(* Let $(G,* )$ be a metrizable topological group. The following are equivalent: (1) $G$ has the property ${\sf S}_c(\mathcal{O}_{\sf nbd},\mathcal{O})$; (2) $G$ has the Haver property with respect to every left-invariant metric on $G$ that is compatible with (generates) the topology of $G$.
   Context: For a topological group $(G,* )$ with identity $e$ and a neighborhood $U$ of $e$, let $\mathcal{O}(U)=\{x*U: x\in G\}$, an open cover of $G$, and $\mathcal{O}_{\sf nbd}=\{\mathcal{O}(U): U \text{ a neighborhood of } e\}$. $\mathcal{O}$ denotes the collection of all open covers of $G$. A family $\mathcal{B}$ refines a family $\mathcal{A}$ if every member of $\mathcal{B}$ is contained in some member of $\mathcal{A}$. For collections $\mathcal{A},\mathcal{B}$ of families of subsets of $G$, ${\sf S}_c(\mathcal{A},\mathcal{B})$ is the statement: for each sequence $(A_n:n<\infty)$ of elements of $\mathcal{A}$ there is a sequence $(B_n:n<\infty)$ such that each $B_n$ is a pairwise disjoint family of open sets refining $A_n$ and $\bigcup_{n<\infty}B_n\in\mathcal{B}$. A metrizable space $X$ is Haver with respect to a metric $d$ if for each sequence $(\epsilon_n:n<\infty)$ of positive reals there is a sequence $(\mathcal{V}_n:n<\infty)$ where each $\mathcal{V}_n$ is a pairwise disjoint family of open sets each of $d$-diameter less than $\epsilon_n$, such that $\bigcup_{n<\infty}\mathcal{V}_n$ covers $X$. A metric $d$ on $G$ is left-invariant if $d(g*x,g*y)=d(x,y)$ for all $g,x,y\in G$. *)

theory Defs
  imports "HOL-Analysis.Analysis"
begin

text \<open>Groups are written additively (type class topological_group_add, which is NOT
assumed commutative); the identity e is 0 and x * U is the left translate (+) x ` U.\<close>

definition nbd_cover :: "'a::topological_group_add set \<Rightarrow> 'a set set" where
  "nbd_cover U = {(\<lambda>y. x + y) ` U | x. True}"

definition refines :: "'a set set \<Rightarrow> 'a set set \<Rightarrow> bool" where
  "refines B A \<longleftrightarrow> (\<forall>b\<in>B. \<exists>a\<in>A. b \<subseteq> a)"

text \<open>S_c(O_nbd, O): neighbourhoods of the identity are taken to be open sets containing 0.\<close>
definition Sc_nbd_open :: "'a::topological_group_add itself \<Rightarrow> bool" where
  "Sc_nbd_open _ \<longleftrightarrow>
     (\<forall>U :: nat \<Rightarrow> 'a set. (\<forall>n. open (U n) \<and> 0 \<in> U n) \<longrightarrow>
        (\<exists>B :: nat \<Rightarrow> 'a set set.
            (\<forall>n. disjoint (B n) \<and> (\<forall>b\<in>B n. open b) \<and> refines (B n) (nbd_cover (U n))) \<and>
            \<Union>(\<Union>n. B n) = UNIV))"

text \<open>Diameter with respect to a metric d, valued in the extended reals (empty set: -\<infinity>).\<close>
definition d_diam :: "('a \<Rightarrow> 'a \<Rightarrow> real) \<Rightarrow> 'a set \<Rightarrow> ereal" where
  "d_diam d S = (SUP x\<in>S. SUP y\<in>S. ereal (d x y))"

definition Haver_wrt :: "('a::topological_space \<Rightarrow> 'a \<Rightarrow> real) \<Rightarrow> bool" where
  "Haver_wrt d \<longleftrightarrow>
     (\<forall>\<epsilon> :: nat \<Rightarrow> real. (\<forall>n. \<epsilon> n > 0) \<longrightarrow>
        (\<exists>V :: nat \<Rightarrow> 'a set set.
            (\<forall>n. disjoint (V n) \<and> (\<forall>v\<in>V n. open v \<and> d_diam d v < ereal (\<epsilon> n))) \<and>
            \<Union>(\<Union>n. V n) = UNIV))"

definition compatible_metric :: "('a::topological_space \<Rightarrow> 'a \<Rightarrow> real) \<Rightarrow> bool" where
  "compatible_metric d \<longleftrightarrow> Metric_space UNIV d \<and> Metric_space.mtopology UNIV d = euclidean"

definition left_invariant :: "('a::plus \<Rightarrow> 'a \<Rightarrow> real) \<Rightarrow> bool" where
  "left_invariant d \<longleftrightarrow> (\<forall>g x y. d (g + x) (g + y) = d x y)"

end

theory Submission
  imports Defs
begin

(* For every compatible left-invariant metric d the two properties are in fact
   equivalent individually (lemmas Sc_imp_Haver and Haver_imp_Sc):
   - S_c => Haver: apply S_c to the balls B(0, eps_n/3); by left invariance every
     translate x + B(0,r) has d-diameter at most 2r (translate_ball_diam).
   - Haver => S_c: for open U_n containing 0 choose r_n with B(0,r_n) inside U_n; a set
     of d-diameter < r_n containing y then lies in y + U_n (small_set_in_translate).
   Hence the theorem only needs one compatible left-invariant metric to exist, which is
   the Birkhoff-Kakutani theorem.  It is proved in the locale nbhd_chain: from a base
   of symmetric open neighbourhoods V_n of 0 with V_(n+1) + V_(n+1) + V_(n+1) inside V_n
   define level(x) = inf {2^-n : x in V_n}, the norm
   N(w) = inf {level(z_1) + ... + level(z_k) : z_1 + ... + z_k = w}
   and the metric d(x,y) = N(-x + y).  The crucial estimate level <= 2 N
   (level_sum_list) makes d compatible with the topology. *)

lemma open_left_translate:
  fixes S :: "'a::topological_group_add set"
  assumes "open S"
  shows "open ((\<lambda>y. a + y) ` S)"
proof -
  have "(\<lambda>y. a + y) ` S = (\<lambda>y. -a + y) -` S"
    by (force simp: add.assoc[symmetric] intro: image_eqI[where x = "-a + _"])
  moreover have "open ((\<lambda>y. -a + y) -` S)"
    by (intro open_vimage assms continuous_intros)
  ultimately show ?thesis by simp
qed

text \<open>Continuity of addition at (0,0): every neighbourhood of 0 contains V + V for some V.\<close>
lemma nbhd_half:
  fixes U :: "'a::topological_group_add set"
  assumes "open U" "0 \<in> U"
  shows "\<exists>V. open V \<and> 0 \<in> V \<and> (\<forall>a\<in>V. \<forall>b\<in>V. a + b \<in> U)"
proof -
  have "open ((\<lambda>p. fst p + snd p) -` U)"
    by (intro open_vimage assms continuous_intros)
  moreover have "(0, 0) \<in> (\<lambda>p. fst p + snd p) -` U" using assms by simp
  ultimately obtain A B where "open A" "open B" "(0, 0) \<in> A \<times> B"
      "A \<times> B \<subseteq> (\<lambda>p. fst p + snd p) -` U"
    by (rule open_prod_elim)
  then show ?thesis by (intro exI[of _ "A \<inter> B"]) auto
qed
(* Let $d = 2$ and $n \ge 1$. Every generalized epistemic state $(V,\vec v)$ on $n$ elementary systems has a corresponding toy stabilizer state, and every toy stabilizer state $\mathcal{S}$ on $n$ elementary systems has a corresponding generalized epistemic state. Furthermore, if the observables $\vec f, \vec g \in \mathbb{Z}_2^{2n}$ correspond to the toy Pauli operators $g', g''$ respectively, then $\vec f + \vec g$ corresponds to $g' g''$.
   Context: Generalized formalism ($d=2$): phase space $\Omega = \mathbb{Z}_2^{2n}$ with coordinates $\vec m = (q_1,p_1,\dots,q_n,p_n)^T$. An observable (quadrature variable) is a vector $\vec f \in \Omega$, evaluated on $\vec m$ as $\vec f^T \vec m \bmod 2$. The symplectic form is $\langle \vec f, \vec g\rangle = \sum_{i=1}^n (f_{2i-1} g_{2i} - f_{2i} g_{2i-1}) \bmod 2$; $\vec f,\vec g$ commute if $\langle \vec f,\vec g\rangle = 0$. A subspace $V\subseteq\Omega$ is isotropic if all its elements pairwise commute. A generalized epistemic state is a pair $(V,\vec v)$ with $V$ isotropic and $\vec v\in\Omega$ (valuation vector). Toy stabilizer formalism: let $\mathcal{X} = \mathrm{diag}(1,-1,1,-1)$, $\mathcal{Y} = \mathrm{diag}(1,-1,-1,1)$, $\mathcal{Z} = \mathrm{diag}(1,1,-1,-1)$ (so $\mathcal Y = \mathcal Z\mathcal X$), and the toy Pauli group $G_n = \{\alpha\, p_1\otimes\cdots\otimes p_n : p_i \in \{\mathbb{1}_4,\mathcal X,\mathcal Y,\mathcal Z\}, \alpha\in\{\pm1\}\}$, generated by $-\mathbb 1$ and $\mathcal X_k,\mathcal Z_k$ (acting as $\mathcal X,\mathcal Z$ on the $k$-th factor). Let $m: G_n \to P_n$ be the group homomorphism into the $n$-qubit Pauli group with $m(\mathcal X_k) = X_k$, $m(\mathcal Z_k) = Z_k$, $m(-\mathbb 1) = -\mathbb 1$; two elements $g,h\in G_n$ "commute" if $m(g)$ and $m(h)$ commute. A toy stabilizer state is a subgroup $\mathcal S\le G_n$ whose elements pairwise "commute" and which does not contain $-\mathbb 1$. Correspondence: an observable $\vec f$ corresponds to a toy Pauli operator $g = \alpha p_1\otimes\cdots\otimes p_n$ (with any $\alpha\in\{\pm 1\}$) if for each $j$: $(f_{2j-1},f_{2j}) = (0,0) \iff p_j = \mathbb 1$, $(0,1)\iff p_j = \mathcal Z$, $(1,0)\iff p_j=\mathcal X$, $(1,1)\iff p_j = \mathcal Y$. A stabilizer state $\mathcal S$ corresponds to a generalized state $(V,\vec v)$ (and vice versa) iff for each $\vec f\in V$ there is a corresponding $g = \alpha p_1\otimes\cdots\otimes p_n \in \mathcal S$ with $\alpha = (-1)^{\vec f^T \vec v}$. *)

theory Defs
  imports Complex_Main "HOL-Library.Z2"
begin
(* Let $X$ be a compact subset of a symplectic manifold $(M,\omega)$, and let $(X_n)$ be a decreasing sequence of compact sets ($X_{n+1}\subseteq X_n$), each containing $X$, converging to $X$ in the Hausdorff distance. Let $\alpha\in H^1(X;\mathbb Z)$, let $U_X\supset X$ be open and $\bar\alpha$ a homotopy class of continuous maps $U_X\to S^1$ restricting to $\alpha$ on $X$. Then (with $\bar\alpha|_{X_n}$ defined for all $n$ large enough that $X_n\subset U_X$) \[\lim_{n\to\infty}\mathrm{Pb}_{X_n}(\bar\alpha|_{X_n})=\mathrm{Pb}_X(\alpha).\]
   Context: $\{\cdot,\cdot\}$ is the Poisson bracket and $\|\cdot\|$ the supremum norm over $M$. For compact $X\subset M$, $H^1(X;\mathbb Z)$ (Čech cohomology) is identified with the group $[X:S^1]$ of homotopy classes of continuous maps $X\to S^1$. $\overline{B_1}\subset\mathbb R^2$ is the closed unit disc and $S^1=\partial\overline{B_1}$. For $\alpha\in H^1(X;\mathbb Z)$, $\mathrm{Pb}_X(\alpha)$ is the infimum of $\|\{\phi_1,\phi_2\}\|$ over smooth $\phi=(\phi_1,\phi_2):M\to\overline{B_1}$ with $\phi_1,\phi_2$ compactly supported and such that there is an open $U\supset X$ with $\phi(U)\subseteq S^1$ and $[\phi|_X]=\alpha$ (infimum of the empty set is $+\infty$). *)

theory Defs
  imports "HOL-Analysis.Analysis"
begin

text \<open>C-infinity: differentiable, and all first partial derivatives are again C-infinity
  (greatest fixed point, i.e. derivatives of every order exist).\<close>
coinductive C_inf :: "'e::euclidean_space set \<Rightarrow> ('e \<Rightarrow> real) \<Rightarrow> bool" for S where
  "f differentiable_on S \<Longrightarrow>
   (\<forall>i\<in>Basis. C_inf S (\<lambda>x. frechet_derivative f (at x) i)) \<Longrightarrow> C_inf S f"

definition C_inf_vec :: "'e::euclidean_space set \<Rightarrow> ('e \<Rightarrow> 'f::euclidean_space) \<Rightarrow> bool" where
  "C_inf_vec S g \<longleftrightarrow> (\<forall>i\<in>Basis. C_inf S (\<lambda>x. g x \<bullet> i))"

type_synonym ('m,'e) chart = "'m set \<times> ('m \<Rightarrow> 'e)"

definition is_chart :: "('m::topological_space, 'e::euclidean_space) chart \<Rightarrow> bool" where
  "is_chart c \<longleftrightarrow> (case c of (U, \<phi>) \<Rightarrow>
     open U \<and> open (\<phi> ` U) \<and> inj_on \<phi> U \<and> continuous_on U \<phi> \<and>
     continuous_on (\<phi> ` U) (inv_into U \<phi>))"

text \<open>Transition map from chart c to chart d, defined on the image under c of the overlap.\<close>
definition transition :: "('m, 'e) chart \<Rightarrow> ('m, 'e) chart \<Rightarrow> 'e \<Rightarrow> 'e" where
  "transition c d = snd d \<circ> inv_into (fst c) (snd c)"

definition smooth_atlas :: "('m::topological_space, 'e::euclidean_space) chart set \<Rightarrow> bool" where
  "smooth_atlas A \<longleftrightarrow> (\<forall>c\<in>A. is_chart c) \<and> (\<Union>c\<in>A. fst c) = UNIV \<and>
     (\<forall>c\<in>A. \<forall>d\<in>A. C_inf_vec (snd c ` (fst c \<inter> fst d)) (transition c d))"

> **TASK TO COMPLETE**
Return only the lines between the one holding "(\<exists>B :: nat" and the one holding "text \<open>Diameter with", inclusive, exactly as they appear above.

> **ANSWER TO THE PROBLEM**
        (\<exists>B :: nat \<Rightarrow> 'a set set.
            (\<forall>n. disjoint (B n) \<and> (\<forall>b\<in>B n. open b) \<and> refines (B n) (nbd_cover (U n))) \<and>
            \<Union>(\<Union>n. B n) = UNIV))"

text \<open>Diameter with respect to a metric d, valued in the extended reals (empty set: -\<infinity>).\<close>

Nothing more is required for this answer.